🤖 AI Summary
This work investigates the role of stochastic gradient descent (SGD) noise in the training dynamics of deep linear networks as they traverse between saddle points. By modeling SGD as a stochastic Langevin dynamics with state-dependent, anisotropic noise and invoking weight alignment and balancing assumptions, the high-dimensional dynamics are decomposed into a set of mode-wise one-dimensional stochastic differential equations. The study provides the first precise characterization of mode-wise evolution under SGD, revealing how noise encodes progress in feature learning without altering the overall dynamical structure. Theoretical analysis shows that, in the absence of noise, the stationary distribution across modes aligns with gradient flow dynamics, whereas with noise it approximates a Boltzmann distribution. Experimental results confirm the qualitative validity of these findings even under non-ideal conditions.
📝 Abstract
Deep linear networks (DLNs) are used as an analytically tractable model of the training dynamics of deep neural networks. While gradient descent in DLNs is known to exhibit saddle-to-saddle dynamics, the impact of stochastic gradient descent (SGD) noise on this regime remains poorly understood.

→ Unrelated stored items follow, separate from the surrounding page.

(* Let a binary game be given as described in the context. Suppose compensation payments incur no cost in both problems (S) and (P), i.e. $G\equiv 0$. Let $(x_i^\circ,y_i^\circ)_{i\in I}$ be an optimal solution of the social-planner problem (S) and $(x_i^*,y_i^* )_{i\in I}$ the $(x,y)$-part of an optimal solution of problem (P). Then $F((x_i^\circ,y_i^\circ)_{i\in I})\le F((x_i^*,y_i^* )_{i\in I})$.
   Context: Binary game: players $i\in I=\{1,\dots,n\}$. Player $i$ chooses $x_i\in\{0,1\}$ and $y_i\in\mathbb{R}^m$ and solves $\min f_i(x_i,y_i,y_{-i})$ subject to $g_i(x_i,y_i)\le 0$, with $g_i:\{0,1\}\times\mathbb{R}^m\to\mathbb{R}^k$, $y_{-i}=(y_j)_{j\ne i}$. $F$ is a function of $(x_i,y_i)_{i\in I}$ and $G$ a function of compensations $(\zeta_i)_{i\in I}$, $\zeta_i\ge0$. Social-planner problem (S): first $(x_i^\circ,y_i^\circ)_{i}$ minimizes $F((x_i,y_i)_i)$ subject to $g_i(x_i,y_i)\le0$, $x_i\in\{0,1\}$ for all $i$; then $(\zeta_i^\circ)_i$ minimizes $G$ subject to $f_i(x_i^\circ,y_i^\circ,y_{-i}^\circ)-\zeta_i\le f_i(x_i^\times,y_i^\times,y_{-i}^\circ)$ for all $i$ and all $(x_i^\times,y_i^\times)\in\arg\min\{f_i(x,y,y_{-i}^\circ): x\in\{0,1\},\ g_i(x,y)\le0\}$; the objective value of (S) is $F((x_i^\circ,y_i^\circ)_i)+G((\zeta_i^\circ)_i)$. Problem (P): with a sufficiently large constant $\widetilde K>0$, minimize $F((x_i,y_i)_{i})+G((\zeta_i^{(1)},\zeta_i^{(0)})_{i})$ over $x_i\in\{0,1\}$, $y_i,\widetilde y_i^{(1)},\widetilde y_i^{(0)}\in\mathbb{R}^m$, $\widetilde\lambda_i^{(b)}\in\mathbb{R}^k_+$, $\kappa_i^{(b)},\zeta_i^{(b)}\ge0$, subject to, for all $i$, $b\in\{0,1\}$: $\nabla_{y_i} f_i(b,\widetilde y_i^{(b)},y_{-i})+(\widetilde\lambda_i^{(b)})^T\nabla_{y_i} g_i(b,\widetilde y_i^{(b)})=0$; $0\le -g_i(b,\widetilde y_i^{(b)})\perp\widetilde\lambda_i^{(b)}\ge0$; $f_i(1,\widetilde y_i^{(1)},y_{-i})+\kappa_i^{(1)}-\zeta_i^{(1)}-\kappa_i^{(0)}+\zeta_i^{(0)}=f_i(0,\widetilde y_i^{(0)},y_{-i})$; $\kappa_i^{(1)}+\zeta_i^{(1)}\le x_i\widetilde K$; $\kappa_i^{(0)}+\zeta_i^{(0)}\le(1-x_i)\widetilde K$; $\widetilde y_i^{(0)}-x_i\widetilde K\le y_i\le\widetilde y_i^{(0)}+x_i\widetilde K$; $\widetilde y_i^{(1)}-(1-x_i)\widetilde K\le y_i\le\widetilde y_i^{(1)}+(1-x_i)\widetilde K$. *)

theory Defs
  imports "HOL-Analysis.Analysis"
begin

text \<open>
Objectives  f :: 'i => real => real^'m => ('i => real^'m) => real,
  where f i b v ys stands for f_i(b, v, y_{-i}); the profile y_{-i} is encoded
  as the full profile with the i-th entry overwritten by 0 (see minus_i).
\<close>

definition minus_i :: "('i \<Rightarrow> 'v::zero) \<Rightarrow> 'i \<Rightarrow> ('i \<Rightarrow> 'v)" where
  "minus_i y i = y(i := 0)"

definition grad :: "('a::real_inner \<Rightarrow> real) \<Rightarrow> 'a \<Rightarrow> 'a" where
  "grad h v = (SOME D. GDERIV h v :> D)"

definition ind_feasible :: "('i \<Rightarrow> real \<Rightarrow> real^'m \<Rightarrow> real^'k) \<Rightarrow> 'i \<Rightarrow> real \<Rightarrow> real^'m \<Rightarrow> bool" where
  "ind_feasible g i xi yi \<longleftrightarrow> xi \<in> {0, 1} \<and> (\<forall>l. g i xi yi $ l \<le> 0)"

definition best_response ::
  "('i \<Rightarrow> real \<Rightarrow> real^'m \<Rightarrow> ('i \<Rightarrow> real^'m) \<Rightarrow> real) \<Rightarrow> ('i \<Rightarrow> real \<Rightarrow> real^'m \<Rightarrow> real^'k)
   \<Rightarrow> 'i \<Rightarrow> ('i \<Rightarrow> real^'m) \<Rightarrow> real \<Rightarrow> real^'m \<Rightarrow> bool" where
  "best_response f g i y xi yi \<longleftrightarrow> ind_feasible g i xi yi \<and>
     (\<forall>x' y'. ind_feasible g i x' y' \<longrightarrow> f i xi yi (minus_i y i) \<le> f i x' y' (minus_i y i))"

definition S_optimal ::
  "(('i \<Rightarrow> real) \<Rightarrow> ('i \<Rightarrow> real^'m) \<Rightarrow> real) \<Rightarrow> (('i \<Rightarrow> real) \<Rightarrow> real)
   \<Rightarrow> ('i \<Rightarrow> real \<Rightarrow> real^'m \<Rightarrow> ('i \<Rightarrow> real^'m) \<Rightarrow> real) \<Rightarrow> ('i \<Rightarrow> real \<Rightarrow> real^'m \<Rightarrow> real^'k)
   \<Rightarrow> ('i \<Rightarrow> real) \<Rightarrow> ('i \<Rightarrow> real^'m) \<Rightarrow> ('i \<Rightarrow> real) \<Rightarrow> bool" where
  "S_optimal F G f g x y \<zeta> \<longleftrightarrow>
     (\<forall>i. ind_feasible g i (x i) (y i)) \<and>
     (\<forall>x' y'. (\<forall>i. ind_feasible g i (x' i) (y' i)) \<longrightarrow> F x y \<le> F x' y') \<and>
     (let comp_ok = (\<lambda>z. (\<forall>i. z i \<ge> 0) \<and>
            (\<forall>i xc yc. best_response f g i y xc yc \<longrightarrow>
               f i (x i) (y i) (minus_i y i) - z i \<le> f i xc yc (minus_i y i)))
      in comp_ok \<zeta> \<and> (\<forall>z. comp_ok z \<longrightarrow> G \<zeta> \<le> G z))"

text \<open>Quantities indexed by b in {0,1} are
  functions of a real argument b; only b = 0 and b = 1 matter.
  yt i b = tilde y_i^(b), lam i b = tilde lambda_i^(b), kap i b = kappa_i^(b),
  zet i b = zeta_i^(b).\<close>
definition P_feasible ::
  "real \<Rightarrow> ('i \<Rightarrow> real \<Rightarrow> real^'m \<Rightarrow> ('i \<Rightarrow> real^'m) \<Rightarrow> real) \<Rightarrow> ('i \<Rightarrow> real \<Rightarrow> real^'m \<Rightarrow> real^'k)
   \<Rightarrow> ('i \<Rightarrow> real) \<Rightarrow> ('i \<Rightarrow> real^'m) \<Rightarrow> ('i \<Rightarrow> real \<Rightarrow> real^'m) \<Rightarrow> ('i \<Rightarrow> real \<Rightarrow> real^'k)
   \<Rightarrow> ('i \<Rightarrow> real \<Rightarrow> real) \<Rightarrow> ('i \<Rightarrow> real \<Rightarrow> real) \<Rightarrow> bool" where
  "P_feasible K f g x y yt lam kap zet \<longleftrightarrow>
     (\<forall>i. x i \<in> {0, 1} \<and>
       (\<forall>b\<in>{0, 1}.
          (\<forall>l. lam i b $ l \<ge> 0) \<and> kap i b \<ge> 0 \<and> zet i b \<ge> 0 \<and>
          grad (\<lambda>v. f i b v (minus_i y i)) (yt i b)
            + (\<Sum>l\<in>UNIV. (lam i b $ l) *\<^sub>R grad (\<lambda>v. g i b v $ l) (yt i b)) = 0 \<and>
          (\<forall>l. 0 \<le> - (g i b (yt i b) $ l) \<and> (- (g i b (yt i b) $ l)) * (lam i b $ l) = 0)) \<and>
       f i 1 (yt i 1) (minus_i y i) + kap i 1 - zet i 1 - kap i 0 + zet i 0
         = f i 0 (yt i 0) (minus_i y i) \<and>
       kap i 1 + zet i 1 \<le> x i * K \<and>
       kap i 0 + zet i 0 \<le> (1 - x i) * K \<and>
       (\<forall>j. yt i 0 $ j - x i * K \<le> y i $ j \<and> y i $ j \<le> yt i 0 $ j + x i * K) \<and>
       (\<forall>j. yt i 1 $ j - (1 - x i) * K \<le> y i $ j \<and> y i $ j \<le> yt i 1 $ j + (1 - x i) * K))"

definition P_optimal ::
  "real \<Rightarrow> (('i \<Rightarrow> real) \<Rightarrow> ('i \<Rightarrow> real^'m) \<Rightarrow> real) \<Rightarrow> (('i \<Rightarrow> real \<times> real) \<Rightarrow> real)
   \<Rightarrow> ('i \<Rightarrow> real \<Rightarrow> real^'m \<Rightarrow> ('i \<Rightarrow> real^'m) \<Rightarrow> real) \<Rightarrow> ('i \<Rightarrow> real \<Rightarrow> real^'m \<Rightarrow> real^'k)
   \<Rightarrow> ('i \<Rightarrow> real) \<Rightarrow> ('i \<Rightarrow> real^'m) \<Rightarrow> ('i \<Rightarrow> real \<Rightarrow> real^'m) \<Rightarrow> ('i \<Rightarrow> real \<Rightarrow> real^'k)
   \<Rightarrow> ('i \<Rightarrow> real \<Rightarrow> real) \<Rightarrow> ('i \<Rightarrow> real \<Rightarrow> real) \<Rightarrow> bool" where
  "P_optimal K F G f g x y yt lam kap zet \<longleftrightarrow>
     P_feasible K f g x y yt lam kap zet \<and>
     (\<forall>x' y' yt' lam' kap' zet'. P_feasible K f g x' y' yt' lam' kap' zet' \<longrightarrow>
        F x y + G (\<lambda>i. (zet i 1, zet i 0)) \<le> F x' y' + G (\<lambda>i. (zet' i 1, zet' i 0)))"

end

theory Submission
  imports Defs
begin

text \<open>Every feasible point of (P) is feasible for the first stage of (S): the big-M
  constraints with the active index b = x i pin y i to the KKT point yt i b, which
  satisfies g_i(b, yt i b) \<le> 0.  With G \<equiv> 0 the objective of (P) is F alone, so (P)
  minimises F over a subset of the feasible set of (S).\<close>

lemma vec_eq_of_box_zero:
  fixes u v :: "real^'n"
  assumes "\<forall>j. v $ j - 0 \<le> u $ j \<and> u $ j \<le> v $ j + 0"
  shows "u = v"
  using assms by (simp add: vec_eq_iff order_antisym)

lemma P_feasible_imp_ind_feasible:
  assumes "P_feasible K f g x y yt lam kap zet"
  shows "ind_feasible g i (x i) (y i)"
proof -
  from assms have x01: "x i \<in> {0, 1}"
    and yt_feasible: "\<forall>b\<in>{0::real, 1}. \<forall>l. 0 \<le> - (g i b (yt i b) $ l)"
    and box0: "\<forall>j. yt i 0 $ j - x i * K \<le> y i $ j \<and> y i $ j \<le> yt i 0 $ j + x i * K"
    and box1: "\<forall>j. yt i 1 $ j - (1 - x i) * K \<le> y i $ j \<and> y i $ j \<le> yt i 1 $ j + (1 - x i) * K"
    unfolding P_feasible_def by blast+
  have "y i = yt i (x i)"
  proof (cases "x i = 0")
    case True
    then show ?thesis using box0 vec_eq_of_box_zero by simp
  next
    case False
    then have "x i = 1" using x01 by auto
    then show ?thesis using box1 vec_eq_of_box_zero by simp
  qed
  then show ?thesis using x01 yt_feasible unfolding ind_feasible_def by auto
qed

lemma S_optimal_le:
  assumes "S_optimal F G f g xo yo \<zeta>o" and "\<forall>i. ind_feasible g i (x i) (y i)"
  shows "F xo yo \<le> F x y"
  using assms unfolding S_optimal_def by blast

theorem theorem6:
  fixes F :: "('i::finite \<Rightarrow> real) \<Rightarrow> ('i \<Rightarrow> real^'m) \<Rightarrow> real"
    and f :: "'i \<Rightarrow> real \<Rightarrow> real^'m \<Rightarrow> ('i \<Rightarrow> real^'m) \<Rightarrow> real"
    and g :: "'i \<Rightarrow> real \<Rightarrow> real^'m \<Rightarrow> real^'k"
    and K :: real
  assumes K_pos: "K > 0"
    and f_diff: "\<And>i b v ys. b \<in> {0, 1} \<Longrightarrow> (\<lambda>w. f i b w ys) differentiable (at v)"
    and g_diff: "\<And>i b v l. b \<in> {0, 1} \<Longrightarrow> (\<lambda>w. g i b w $ l) differentiable (at v)"
    and S_opt: "S_optimal F (\<lambda>_. 0) f g xo yo \<zeta>o"
    and P_opt: "P_optimal K F (\<lambda>_. 0) f g xs ys yt lam kap zet"
  shows "F xo yo \<le> F xs ys"
proof -
  have "P_feasible K f g xs ys yt lam kap zet"
    using P_opt unfolding P_optimal_def by blast
  then have "\<forall>i. ind_feasible g i (xs i) (ys i)"
    by (blast intro: P_feasible_imp_ind_feasible)
  then show ?thesis using S_opt S_optimal_le by blast
qed

end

We investigate the dynamics of SGD during training of DLNs in the saddle-to-saddle regime. We model the training dynamics as stochastic Langevin dynamics with anisotropic, state-dependent noise. Under the assumption of aligned and balanced weights, we derive an exact decomposition of the dynamics into a system of one-dimensional per-mode stochastic differential equations. This establishes that the maximal diffusion along a mode precedes the corresponding feature being completely learned. We also derive the stationary distribution of SGD for each mode: in the absence of label noise, its marginal distribution along specific features coincides with the stationary distribution of gradient flow, while in the presence of label noise it approximates a Boltzmann distribution. Finally, we confirm experimentally that the theoretical results hold qualitatively even without aligned or balanced weights. These results establish that SGD noise encodes information about the progression of feature learning but does not fundamentally alter the saddle-to-saddle dynamics.